Foreign Direct Investment in Indian Insurance Sector

The Insurance Laws (Amendment Bill) 2015 (the “Insurance Bill”) has now been passed by both houses of Parliament in India. The Insurance Bill will become effective as an Act of Parliament once it is signed by the President of India and published in the official gazette. There is no fixed time period for completing this signing/publication process but we expect this to be done fairly quickly. The Insurance Bill replaces the Insurance Laws (Amendment) Ordinance 2014 (the “Insurance Ordinance”) which came into effect on 26 December 2014, and was always meant to be a stop-gap measure.
The Ministry of Finance also issued the Indian Insurance Companies (Foreign Investment) Rules, 2015 (the “Rules”) on 19 February 2015, which seeks to clarify the concept of Indian ownership and control – there are still some inconsistencies, but we expect those to be resolved soon with the passing of the Insurance Bill.

Key Changes Introduced

  • Total foreign investment limit – the total foreign investment limit in the insurance sector has been raised from 26% to 49%. This cap includes all forms of foreign investment including foreign direct investment, foreign portfolio investment, depositary receipts and non-resident Indians.
  • Regulatory Approvals –
    - FIPB: Investment of up to 26% is permitted under the “automatic route”. Any investment above 26% but up to 49% requires the prior approval of the Foreign Investment Promotion Board; and
    - IRDA: As per the existing law, any sale of shares over 1% of the total equity share capital and purchase of more than 5% of the total equity share capital, required the prior approval of the Insurance Regulatory and Development Authority (the “IRDA”).
    Pricing: Any increase in the foreign investment in an Indian insurance company would have to comply with the pricing guidelines specified by the Reserve Bank of India.
  • Ownership and control – Ownership and control of Indian insurance companies must remain with Indian entities. This has been specifically clarified in the Rules as:
    - Ownership – at least 50% of the equity ownership should be beneficially held by Indian citizens, or Indian companies, which are owned and controlled by Indian citizens.
    - Control – control should be with Indian citizens, or Indian companies, which are owned and controlled by Indian citizens.

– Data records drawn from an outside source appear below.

lemma prob_Pi_pmf_disjoint_blocks:
  assumes "finite J" "finite D" "\<forall>j\<in>J. B j \<subseteq> D" "disjoint_family_on B J"
    and "\<And>j f g. j \<in> J \<Longrightarrow> (\<forall>x\<in>B j. f x = g x) \<Longrightarrow> Q j f = Q j g"
  shows "measure_pmf.prob (Pi_pmf D d p) {f. \<forall>j\<in>J. Q j f}
       = (\<Prod>j\<in>J. measure_pmf.prob (Pi_pmf D d p) {f. Q j f})"
  using assms
proof (induction J arbitrary: D rule: finite_induct)
  case empty
  then show ?case by simp
next
  case (insert j J)
  define C where "C = D - B j"
  have local: "\<And>i f g. i \<in> insert j J \<Longrightarrow> \<forall>x\<in>B i. f x = g x \<Longrightarrow> Q i f = Q i g"
    using insert.prems(4) by blast
  have fin: "finite (B j)" "finite C"
    using insert.prems by (auto simp: C_def intro: finite_subset)
  have BC: "B i \<subseteq> C" if "i \<in> J" for i
    using insert.hyps(2) insert.prems(2,3) that
    by (auto simp: C_def disjoint_family_on_def)
  let ?glue = "\<lambda>(f, g) x. if x \<in> B j then f x else g x"
  have split: "Pi_pmf D d p = map_pmf ?glue (pair_pmf (Pi_pmf (B j) d p) (Pi_pmf C d p))"
  proof -
    have "D = B j \<union> C" using insert.prems by (auto simp: C_def)
    then show ?thesis by (simp only:) (rule Pi_pmf_union, use fin in \<open>auto simp: C_def\<close>)
  qed
  have "Q j (?glue (f, g)) = Q j f" for f g
    by (rule local) auto
  moreover have "Q i (?glue (f, g)) = Q i g" if "i \<in> J" for i f g
    using BC[OF that] that by (intro local) (auto simp: C_def)
  ultimately have preimage:
    "?glue -` {f. \<forall>i\<in>insert j J. Q i f} = {f. Q j f} \<times> {g. \<forall>i\<in>J. Q i g}"
    by auto
  have marginal: "measure_pmf.prob (Pi_pmf D' d p) {f. Q i f}
                = measure_pmf.prob (Pi_pmf D d p) {f. Q i f}"
    if "i \<in> insert j J" "B i \<subseteq> D'" "D' \<subseteq> D" for i D'
    using that insert.prems(1,2) local[of i]
    by (intro prob_Pi_pmf_restrict[of D D' "B i"]) auto
  have "measure_pmf.prob (Pi_pmf D d p) {f. \<forall>i\<in>insert j J. Q i f}
      = measure_pmf.prob (Pi_pmf (B j) d p) {f. Q j f}
        * measure_pmf.prob (Pi_pmf C d p) {g. \<forall>i\<in>J. Q i g}"
    unfolding split measure_map_pmf preimage prob_pair_pmf_Times ..
  also have "measure_pmf.prob (Pi_pmf C d p) {g. \<forall>i\<in>J. Q i g}
           = (\<Prod>i\<in>J. measure_pmf.prob (Pi_pmf C d p) {f. Q i f})"
    using fin BC insert.prems by (intro insert.IH) (auto simp: disjoint_family_on_def)
  also have "\<dots> = (\<Prod>i\<in>J. measure_pmf.prob (Pi_pmf D d p) {f. Q i f})"
    using BC by (intro prod.cong refl marginal) (auto simp: C_def)
  also have "measure_pmf.prob (Pi_pmf (B j) d p) {f. Q j f}
           = measure_pmf.prob (Pi_pmf D d p) {f. Q j f}"
    using insert.prems(2) by (intro marginal) auto
  finally show ?case using insert.hyps by simp
qed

However, neither the Insurance Bill nor the Rules provides any more detail around what would amount to “control”, and particularly, whether ‘reserved’ or ‘veto’ rights granted to foreign investors under their joint venture/shareholders’ agreements with Indian partners will be considered for determining control of Indian insurance companies. As an increase in FDI from 26% up to 49% requires prior approval from the Foreign Investment Promotion Board (FIPB), we assume that compliance with control related requirements will be considered on a case to case basis.

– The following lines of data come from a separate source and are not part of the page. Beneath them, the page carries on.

lemma grad_norm_eq: "grad_norm (v' x) = sqrt ((v_y x)\<^sup>2 + (v_\<theta> x)\<^sup>2)"
  by (simp add: grad_norm_def v_y_def v_\<theta>_def)

lemma grad_norm_cont: "continuous_on UNIV (\<lambda>x. grad_norm (v' x))"
  unfolding grad_norm_eq by (intro continuous_intros v_y_cont v_\<theta>_cont)

lemma v_P_has_real_derivative_t:
  "((\<lambda>t. v (P t \<theta>)) has_real_derivative h \<theta> * v_y (P t \<theta>)) (at t within S)"
  using has_real_derivative_comp_curve[OF v_deriv P_has_vector_derivative_t[of \<theta> t S]]
    blinfun.scaleR_right[of "v' (P t \<theta>)" "h \<theta>" "(1, 0)"]
  by (simp add: v_y_def)

definition deriv_h_v_P :: "real \<Rightarrow> real \<Rightarrow> real" where
  "deriv_h_v_P t \<theta> = (\<psi>2' \<theta> - \<psi>1' \<theta>) * v (P t \<theta>)
    + h \<theta> * (((1 - t) * \<psi>1' \<theta> + t * \<psi>2' \<theta>) * v_y (P t \<theta>) + v_\<theta> (P t \<theta>))"

lemma h_v_P_has_real_derivative_\<theta>:
  assumes "\<theta> \<in> {C..D}"
  shows "((\<lambda>\<theta>. h \<theta> * v (P t \<theta>)) has_real_derivative deriv_h_v_P t \<theta>) (at \<theta> within {C..D})"
proof -
  define k where "k = (1 - t) * \<psi>1' \<theta> + t * \<psi>2' \<theta>"
  have "blinfun_apply (v' (P t \<theta>)) (k, 1) = k * v_y (P t \<theta>) + v_\<theta> (P t \<theta>)"
    using blinfun.scaleR_right[of "v' (P t \<theta>)" k "(1, 0)"]
      blinfun.add_right[of "v' (P t \<theta>)" "(k, 0)" "(0, 1)"]
    by (simp add: v_y_def v_\<theta>_def)
  then have "((\<lambda>\<theta>. v (P t \<theta>)) has_real_derivative k * v_y (P t \<theta>) + v_\<theta> (P t \<theta>))
      (at \<theta> within {C..D})"
    using has_real_derivative_comp_curve[OF v_deriv P_has_vector_derivative_\<theta>[OF assms, of t]]
    by (simp add: k_def)
  from DERIV_mult[OF h_has_real_derivative[OF assms] this] show ?thesis
    unfolding deriv_h_v_P_def k_def by (rule DERIV_cong) (simp add: algebra_simps)
qed

lemma deriv_h_v_P_cont: "continuous_on {C..D} (deriv_h_v_P t)"
  unfolding deriv_h_v_P_def
  by (intro continuous_intros \<psi>1'_cont \<psi>2'_cont h_cont continuous_on_P_slice_\<theta> v_cont v_y_cont v_\<theta>_cont)

lemma abs_deriv_h_v_P_le:
  assumes t: "t \<in> {0..1}" and \<theta>: "\<theta> \<in> {C..D}"
  shows "\<bar>deriv_h_v_P t \<theta>\<bar>
    \<le> 2 * M \<theta> * \<bar>v (P t \<theta>)\<bar> + h \<theta> * (M \<theta> * \<bar>v_y (P t \<theta>)\<bar> + \<bar>v_\<theta> (P t \<theta>)\<bar>)"
proof -
  define k where "k = (1 - t) * \<psi>1' \<theta> + t * \<psi>2' \<theta>"
  have "\<bar>\<psi>2' \<theta> - \<psi>1' \<theta>\<bar> \<le> 2 * M \<theta>"
    by (auto simp: M_def abs_if max_def)
  moreover have "\<bar>k * v_y (P t \<theta>) + v_\<theta> (P t \<theta>)\<bar> \<le> \<bar>k\<bar> * \<bar>v_y (P t \<theta>)\<bar> + \<bar>v_\<theta> (P t \<theta>)\<bar>"
    by (metis abs_mult abs_triangle_ineq)
  moreover have "\<bar>k\<bar> * \<bar>v_y (P t \<theta>)\<bar> \<le> M \<theta> * \<bar>v_y (P t \<theta>)\<bar>"
    using abs_convex_slope_le_M[OF t] unfolding k_def by (intro mult_right_mono) auto
  ultimately have "\<bar>\<psi>2' \<theta> - \<psi>1' \<theta>\<bar> * \<bar>v (P t \<theta>)\<bar> + h \<theta> * \<bar>k * v_y (P t \<theta>) + v_\<theta> (P t \<theta>)\<bar>
      \<le> 2 * M \<theta> * \<bar>v (P t \<theta>)\<bar> + h \<theta> * (M \<theta> * \<bar>v_y (P t \<theta>)\<bar> + \<bar>v_\<theta> (P t \<theta>)\<bar>)"
    using h_pos[OF \<theta>] by (intro add_mono mult_left_mono mult_right_mono) auto
  moreover have "\<bar>deriv_h_v_P t \<theta>\<bar>
      \<le> \<bar>\<psi>2' \<theta> - \<psi>1' \<theta>\<bar> * \<bar>v (P t \<theta>)\<bar> + h \<theta> * \<bar>k * v_y (P t \<theta>) + v_\<theta> (P t \<theta>)\<bar>"
    unfolding deriv_h_v_P_def k_def using h_pos[OF \<theta>] by (metis abs_mult abs_of_pos abs_triangle_ineq)
  ultimately show ?thesis
    by linarith
qed

text \<open>The first summand is the averaging term of \<open>abs_endpoints_le_integral\<close> on [C, D],
  the others majorise \<open>\<bar>deriv_h_v_P t \<theta>\<bar>\<close>.\<close>
definition side_density :: "real \<Rightarrow> real \<Rightarrow> real" where
  "side_density t \<theta> = 2 / (D - C) * h \<theta> * \<bar>v (P t \<theta>)\<bar> + 2 * M \<theta> * \<bar>v (P t \<theta>)\<bar>
    + h \<theta> * (M \<theta> * \<bar>v_y (P t \<theta>)\<bar> + \<bar>v_\<theta> (P t \<theta>)\<bar>)"

lemma side_density_cont:
  "continuous_on ({0..1} \<times> {C..D}) (\<lambda>p. side_density (fst p) (snd p))"
  unfolding side_density_def
  by (intro continuous_intros continuous_on_rectangle_P v_cont v_y_cont v_\<theta>_cont
      continuous_on_rectangle_snd h_cont M_cont)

  • New Investment Instruments – Up till now, Indian insurance companies were permitted to raise financing only through equity. The Insurance Bill now permits Indian insurance companies to raise capital through financial instruments other than equity shares. Details of the permitted instruments will be subject to a separate notification to be issued by the IRDA.
  • Reinsurance – Foreign reinsurance companies are now permitted to undertake re-insurance business in India directly through the establishment of a branch in India and registration of the branch with the IRDA.

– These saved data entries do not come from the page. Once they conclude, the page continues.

(* For all integers $n\ge 1$ and $k\ge 3$, the book graph $B_{n,k}$ is odd prime.
   Context: All graphs are finite and simple. A graph $G$ of order $N$ is odd prime if there is a bijection $\ell:V(G)\to\{1,3,\ldots,2N-1\}$ with $\gcd(\ell(u),\ell(v))=1$ for every edge $uv$. The book graph $B_{n,k}$ consists of $n$ cycles of length $k$ (pages) all sharing one common edge $uv$ and otherwise disjoint: it has vertices $u,v$ and $w_{i,j}$ for $1\le i\le n$, $1\le j\le k-2$, with edges $uv$, $uw_{i,1}$, $w_{i,j}w_{i,j+1}$ ($1\le j\le k-3$) and $w_{i,k-2}v$ for each $i$. It has $(k-2)n+2$ vertices. *)

theory Defs
  imports Main
begin

definition odd_prime_graph :: "'a set \<Rightarrow> 'a set set \<Rightarrow> bool" where
  "odd_prime_graph V E \<longleftrightarrow>
     (\<exists>l :: 'a \<Rightarrow> nat. bij_betw l V {m. odd m \<and> m \<le> 2 * card V - 1}
        \<and> (\<forall>u v. {u, v} \<in> E \<longrightarrow> coprime (l u) (l v)))"

datatype book_vertex = BU | BV | BW nat nat

definition book_vertices :: "nat \<Rightarrow> nat \<Rightarrow> book_vertex set" where
  "book_vertices n k = {BU, BV} \<union> {BW i j | i j. 1 \<le> i \<and> i \<le> n \<and> 1 \<le> j \<and> j \<le> k - 2}"

definition book_edges :: "nat \<Rightarrow> nat \<Rightarrow> book_vertex set set" where
  "book_edges n k =
     {{BU, BV}}
     \<union> {{BU, BW i 1} | i. 1 \<le> i \<and> i \<le> n}
     \<union> {{BW i j, BW i (j + 1)} | i j. 1 \<le> i \<and> i \<le> n \<and> 1 \<le> j \<and> j \<le> k - 3}
     \<union> {{BW i (k - 2), BV} | i. 1 \<le> i \<and> i \<le> n}"

end

(* Label u with 1 and v with an odd prime p such that 2N - 1 < 3p, where N is the order of B_{n,k},
   and give w_{1,1}, ..., w_{1,k-2}, w_{2,1}, ..., w_{n,k-2}, in this order, the remaining odd numbers
   3, 5, ..., 2N - 1 (skipping p) in increasing order. Labels of consecutive vertices of a page are odd
   and differ by 2 or 4, hence coprime; u carries 1; and the neighbours w_{i,k-2} of v carry odd numbers
   below 3p other than p, none of which is a multiple of p.
   Such a p exists because some prime lies in (M, 3M] for every M >= 1. For M >= 947 this follows from
   Erdos' estimates for C = C(2m, m) with m = floor(3M/2): if there were no such prime, all prime factors
   of C would be at most M, each prime power in C is at most 2m and primes above sqrt(2m) divide C at
   most once, so C <= (2m)^sqrt(2m) 4^M, contradicting 4^m <= 2m C. Smaller M are handled by the
   primes 2, 5, 13, 37, 109, 317, 947. *)

theory Submission
  imports Defs "HOL-Computational_Algebra.Primes" "HOL-Library.Discrete_Functions" "HOL.Binomial_Plus"
begin

section \<open>A prime between M and 3M\<close>

lemma prime_nat_by_trial_division:
  fixes p q :: nat
  assumes "1 < p" and "p < q\<^sup>2" and "\<forall>d\<in>set [2..<q]. \<not> d dvd p"
  shows "prime p"
  unfolding prime_nat_iff'
proof (intro conjI ballI notI)
  show "1 < p" by fact
  fix d assume d: "d \<in> {2..<p}" and "d dvd p"
  then obtain e where p_eq: "p = d * e" by blast
  have "e dvd p" "2 \<le> e" using p_eq d by (auto intro: Nat.gr0I simp: nat_mult_le_cancel1 numeral_2_eq_2)
  have "d < q \<or> e < q"
  proof (rule ccontr)
    assume "\<not> (d < q \<or> e < q)"
    then have "q\<^sup>2 \<le> d * e" by (simp add: power2_eq_square mult_le_mono)
    then show False using p_eq assms(2) by simp
  qed
  then show False using assms(3) d \<open>d dvd p\<close> \<open>e dvd p\<close> \<open>2 \<le> e\<close> by auto
qed

lemma exists_prime_between_triple_small:
  fixes M :: nat
  assumes "1 \<le> M" and "M < 947"
  shows "\<exists>p. prime p \<and> M < p \<and> p \<le> 3 * M"
proof -
  have "prime (5::nat)"
    by (rule prime_nat_by_trial_division[where q = 3]) (simp_all add: upt_rec)
  moreover have "prime (13::nat)"
    by (rule prime_nat_by_trial_division[where q = 4]) (simp_all add: upt_rec)
  moreover have "prime (37::nat)"
    by (rule prime_nat_by_trial_division[where q = 7]) (simp_all add: upt_rec)
  moreover have "prime (109::nat)"
    by (rule prime_nat_by_trial_division[where q = 11]) (simp_all add: upt_rec)
  moreover have "prime (317::nat)"
    by (rule prime_nat_by_trial_division[where q = 18]) (simp_all add: upt_rec)
  moreover have "prime (947::nat)"
    by (rule prime_nat_by_trial_division[where q = 31]) (simp_all add: upt_rec)
  ultimately have "prime (if M < 2 then 2 else if M < 5 then 5 else if M < 13 then 13
      else if M < 37 then 37 else if M < 109 then 109 else if M < 317 then 317 else 947 :: nat)"
    (is "prime ?p") using two_is_prime_nat by (simp only: split: if_split) blast
  moreover have "M < ?p \<and> ?p \<le> 3 * M"
    using assms by simp
  ultimately show ?thesis by blast
qed

lemma prod_primes_dvd_nat:
  fixes n :: nat
  assumes "n \<noteq> 0" and "\<And>p. p \<in> A \<Longrightarrow> prime p \<and> p dvd n"
  shows "\<Prod>A dvd n"
proof -
  have sub: "A \<subseteq> prime_factors n"
    using assms by (auto simp: prime_factors_dvd)
  have "p dvd p ^ multiplicity p n" if "p \<in> A" for p
    using sub that by (auto simp: prime_factors_multiplicity intro: dvd_power)
  then have "\<Prod>A dvd (\<Prod>p\<in>prime_factors n. p ^ multiplicity p n)"
    by (intro prod_dvd_prod_subset2[OF finite_set_mset sub])
  also have "\<dots> = n"
    using prod_prime_factors[OF assms(1)] by simp
  finally show ?thesis .
qed

lemma binomial_odd_middle_le: "(2 * k + 1) choose k \<le> (4::nat) ^ k"
proof -
  have "(\<Sum>i\<in>{k, k + 1}. (2 * k + 1) choose i) \<le> (\<Sum>i\<le>2 * k + 1. (2 * k + 1) choose i)"
    by (rule sum_mono2) auto
  also have "\<dots> = 2 ^ (2 * k + 1)"
    by (rule choose_row_sum)
  finally have "2 * ((2 * k + 1) choose k) \<le> 2 * 4 ^ k"
    using binomial_symmetric[of k "2 * k + 1"] by (simp add: power_mult)
  then show ?thesis by simp
qed

lemma primorial_le_power4: "\<Prod>{p::nat. prime p \<and> p \<le> n} \<le> 4 ^ n"
proof (induction n rule: less_induct)
  case (less n)
  consider "n \<le> 2" | "2 < n" "even n" | "2 < n" "odd n"
    by linarith
  then show ?case
  proof cases
    case 1
    then have "{p::nat. prime p \<and> p \<le> n} = (if n = 2 then {2} else {})"
      by (auto dest: prime_ge_2_nat)
    then show ?thesis by simp
  next
    case 2
    then have "\<not> prime n"
      using prime_odd_nat[of n] by blast
    then have "{p::nat. prime p \<and> p \<le> n} = {p. prime p \<and> p \<le> n - 1}"
      using 2 by (auto simp: le_diff_conv2 Suc_le_eq order.order_iff_strict)
    then have "\<Prod>{p::nat. prime p \<and> p \<le> n} \<le> 4 ^ (n - 1)"
      using less[of "n - 1"] 2 by simp
    also have "\<dots> \<le> 4 ^ n"
      by (simp add: power_increasing)
    finally show ?thesis .
  next
    case 3
    then obtain k where k: "n = 2 * k + 1"
      by (auto elim: oddE)
    with 3 have "1 \<le> k"
      by simp
    define A where "A = {p::nat. prime p \<and> p \<le> k + 1}"
    define B where "B = {p::nat. prime p \<and> k + 1 < p \<and> p \<le> n}"
    have "\<Prod>A \<le> 4 ^ (k + 1)"
      unfolding A_def using less[of "k + 1"] k \<open>1 \<le> k\<close> by simp
    have "\<Prod>B dvd (2 * k + 1) choose k"
    proof (rule prod_primes_dvd_nat)
      fix p assume "p \<in> B"
      then have p: "prime p" "k + 1 < p" "p \<le> 2 * k + 1"
        using k by (auto simp: B_def)
      have "fact k * fact (k + 1) * ((2 * k + 1) choose k) = (fact (2 * k + 1) :: nat)"
        using binomial_fact_lemma[of k "2 * k + 1"] by (simp add: mult_ac)
      moreover have "p dvd (fact (2 * k + 1) :: nat)" "\<not> p dvd (fact k :: nat)"
        "\<not> p dvd (fact (k + 1) :: nat)"
        using p by (simp_all only: prime_dvd_fact_iff)
      ultimately show "prime p \<and> p dvd (2 * k + 1) choose k"
        using p(1) by (metis prime_dvd_mult_iff)
    qed simp
    then have "\<Prod>B \<le> (2 * k + 1) choose k"
      by (rule dvd_imp_le) simp
    also have "\<dots> \<le> 4 ^ k"
      by (rule binomial_odd_middle_le)
    finally have "\<Prod>B \<le> 4 ^ k" .
    have "{p::nat. prime p \<and> p \<le> n} = A \<union> B" "A \<inter> B = {}"
      unfolding A_def B_def using k by auto
    then have "\<Prod>{p::nat. prime p \<and> p \<le> n} = \<Prod>A * \<Prod>B"
      by (simp add: A_def B_def prod.union_disjoint)
    also have "\<dots> \<le> 4 ^ (k + 1) * 4 ^ k"
      using \<open>\<Prod>A \<le> 4 ^ (k + 1)\<close> \<open>\<Prod>B \<le> 4 ^ k\<close> by (rule mult_le_mono)
    also have "\<dots> = 4 ^ n"
      using k by (simp flip: power_add)
    finally show ?thesis .
  qed
qed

After almost 7 years of waiting, the much awaited liberalisation of the Indian insurance sector has been effected. The passing of the Insurance Bill has also ended the uncertainty around the enforceability of the Insurance Ordinance. In addition to the increase in FDI limits, the ability to raise financing other than by equity and the opening up of the re-insurance market are all positive signs that we see leading to further investment in the insurance sector in India.